Botulinum toxin-A-induced protective ptosis in the treatment of lagophthalmos associated with facial paralysis.

PURPOSE

To evaluate the safety and efficacy of the protective ptosis created by botulinum neurotoxin type-A in lagophthalmos cases due to peripheral facial paralysis.

METHODS

Protective ptosis was induced by 7.5 U botulinum neurotoxin type-A injection into levator muscles in 15 patients with peripheral facial paralysis and lagophthalmos. Its efficacy and safety were evaluated prospectively. Complete ophthalmological examinations were performed before and after injections; interpalpebral fissure, upper eyelid margin reflex distance, and levator muscle function were measured. In control visits, degree and duration of ptosis and side effects of the drug were evaluated.

RESULTS

The mean age of the patients was 55 ± 14.28 years (22-78 years).

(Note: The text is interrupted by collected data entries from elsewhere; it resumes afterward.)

lemma not_contains_Cons_sorted:
  assumes "sorted_wrt (<) xs" and "1 \<le> s" "s < t" "t < length p" "p ! t < p ! s"
  shows "\<not> contains (a # xs) p"
proof
  assume "contains (a # xs) p"
  then obtain idx where len: "length idx = length p" and sorted: "sorted_wrt (<) idx"
      and bound: "\<forall>i<length idx. idx ! i < Suc (length xs)"
      and iso: "\<forall>i<length p. \<forall>j<length p. ((a # xs) ! (idx ! i) < (a # xs) ! (idx ! j)) \<longleftrightarrow> (p ! i < p ! j)"
    unfolding contains_def by auto
  have "idx ! 0 < idx ! s" "idx ! s < idx ! t"
    using sorted len assms(2-4) by (auto simp: sorted_wrt_nth_less)
  moreover have "idx ! t < Suc (length xs)" using bound len assms(4) by simp
  ultimately have "xs ! (idx ! s - 1) < xs ! (idx ! t - 1)"
    using sorted_wrt_nth_less[OF assms(1), of "idx ! s - 1" "idx ! t - 1"] by simp
  then have "(a # xs) ! (idx ! s) < (a # xs) ! (idx ! t)"
    using \<open>idx ! 0 < idx ! s\<close> \<open>idx ! s < idx ! t\<close> by (simp add: nth_Cons')
  then show False using iso assms(3-5) by auto
qed

lemma lead_sorted_mem_F:
  assumes "2 \<le> c" "c \<le> n"
    and "\<forall>p\<in>set ps. \<exists>s t. 1 \<le> s \<and> s < t \<and> t < length p \<and> p ! t < p ! s"
  shows "lead_sorted n c \<in> F n ps"
proof -
  have "avoids (lead_sorted n c) p" if "p \<in> set ps" for p
    using assms(3) that not_contains_Cons_sorted[OF sorted_wrt_upt_skip]
    unfolding avoids_def lead_sorted_def by blast
  then show ?thesis
    unfolding F_def using assms(1,2) is_perm_lead_sorted fishburn_lead_sorted by auto
qed

lemma Cons_eq_lead_sorted:
  assumes "is_perm n (c # xs)" and "sorted_wrt (<) xs"
  shows "c # xs = lead_sorted n c"
proof -
  have "c \<in> {1..n}" using assms(1) unfolding is_perm_def by auto
  then have "set ([1..<c] @ [Suc c..<Suc n]) = {1..n} - {c}" by auto
  moreover have "set xs = {1..n} - {c}" using assms(1) unfolding is_perm_def by auto
  ultimately have "set xs = set ([1..<c] @ [Suc c..<Suc n])" by simp
  then have "xs = [1..<c] @ [Suc c..<Suc n]"
    using assms(2) sorted_wrt_upt_skip by (metis sorted_distinct_set_unique strict_sorted_iff)
  then show ?thesis unfolding lead_sorted_def by simp
qed

lemma nth_1_eq_1_if_fishburn_avoids_321:
  assumes perm: "is_perm n \<pi>" and fb: "fishburn \<pi>" and av: "avoids \<pi> [3,2,1]"
    and "0 < n" "\<pi> ! 0 \<noteq> 1"
  shows "\<pi> ! 1 = 1"
proof -
  define c where "c = \<pi> ! 0"
  have c: "2 \<le> c" "c \<le> n" using is_perm_nth_mem[OF perm \<open>0 < n\<close>] assms(5) c_def by auto
  have len: "length \<pi> = n" using perm unfolding is_perm_def by simp
  have "\<pi> ! 1 \<noteq> c" using is_perm_nth_eq_iff[OF perm, of 1 0] c c_def by simp
  moreover have "\<not> c < \<pi> ! 1"
  proof
    assume "c < \<pi> ! 1"
    have "c - 1 \<in> {1..n}" using c by auto
    then obtain j where j: "j < n" "\<pi> ! j = c - 1" by (rule is_perm_index_of[OF perm])
    then have "0 < j" using c c_def by (cases j) auto
    then have "0 < j \<and> j < length \<pi> \<and> Suc 0 < length \<pi> \<and> \<pi> ! j < \<pi> ! 0
        \<and> \<pi> ! 0 < \<pi> ! Suc 0 \<and> \<pi> ! 0 = \<pi> ! j + 1"
      using j c len \<open>c < \<pi> ! 1\<close> unfolding c_def by auto
    then show False using fb unfolding fishburn_def by blast
  qed
  ultimately have below: "\<pi> ! 1 < c" by simp
  have "1 \<in> {1..n}" using c by auto
  then obtain j where j: "j < n" "\<pi> ! j = 1" by (rule is_perm_index_of[OF perm])
  then have "0 < j" using c c_def by (cases j) auto
  show ?thesis
  proof (rule ccontr)
    assume "\<pi> ! 1 \<noteq> 1"
    then have "1 < j" using j \<open>0 < j\<close> by (cases "j = 1") auto
    moreover have "1 \<le> \<pi> ! 1" using is_perm_nth_mem[OF perm, of 1] c by auto
    ultimately have "contains \<pi> [3,2,1]"
      using contains_321I[of 0 1 j \<pi>] j below \<open>\<pi> ! 1 \<noteq> 1\<close> len c_def by auto
    then show False using av unfolding avoids_def by simp
  qed
qed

Ptosis created by botulinum neurotoxin type-A injection was severe in 12 patients (80%), moderate in 2 patients (13.3%), and mild in 1 patient (6.7%). The effect of botulinum neurotoxin type-A began in 2.33 ± 1.44 days and peaked in 5.73 ± 2.63 days. No patient needed a second injection. The mean duration for ptosis was 10.53 ± 2.89 weeks. After development of ptosis, statistically significant improvement in corneal symptoms (p < 0.01) and decrease in daily artificial tear requirement (p < 0.01) were detected. Local or systemic side effects were not observed in any of the patients.

CONCLUSION

In patients with peripheral facial paralysis and lagophthalmos, protective ptosis created by botulinum neurotoxin type-A injection into the levator muscle is a reliable and effective technique for the protection of the ocular surface and treatment of existing corneal complications. It represents an alternative treatment modality in cases requiring surgery.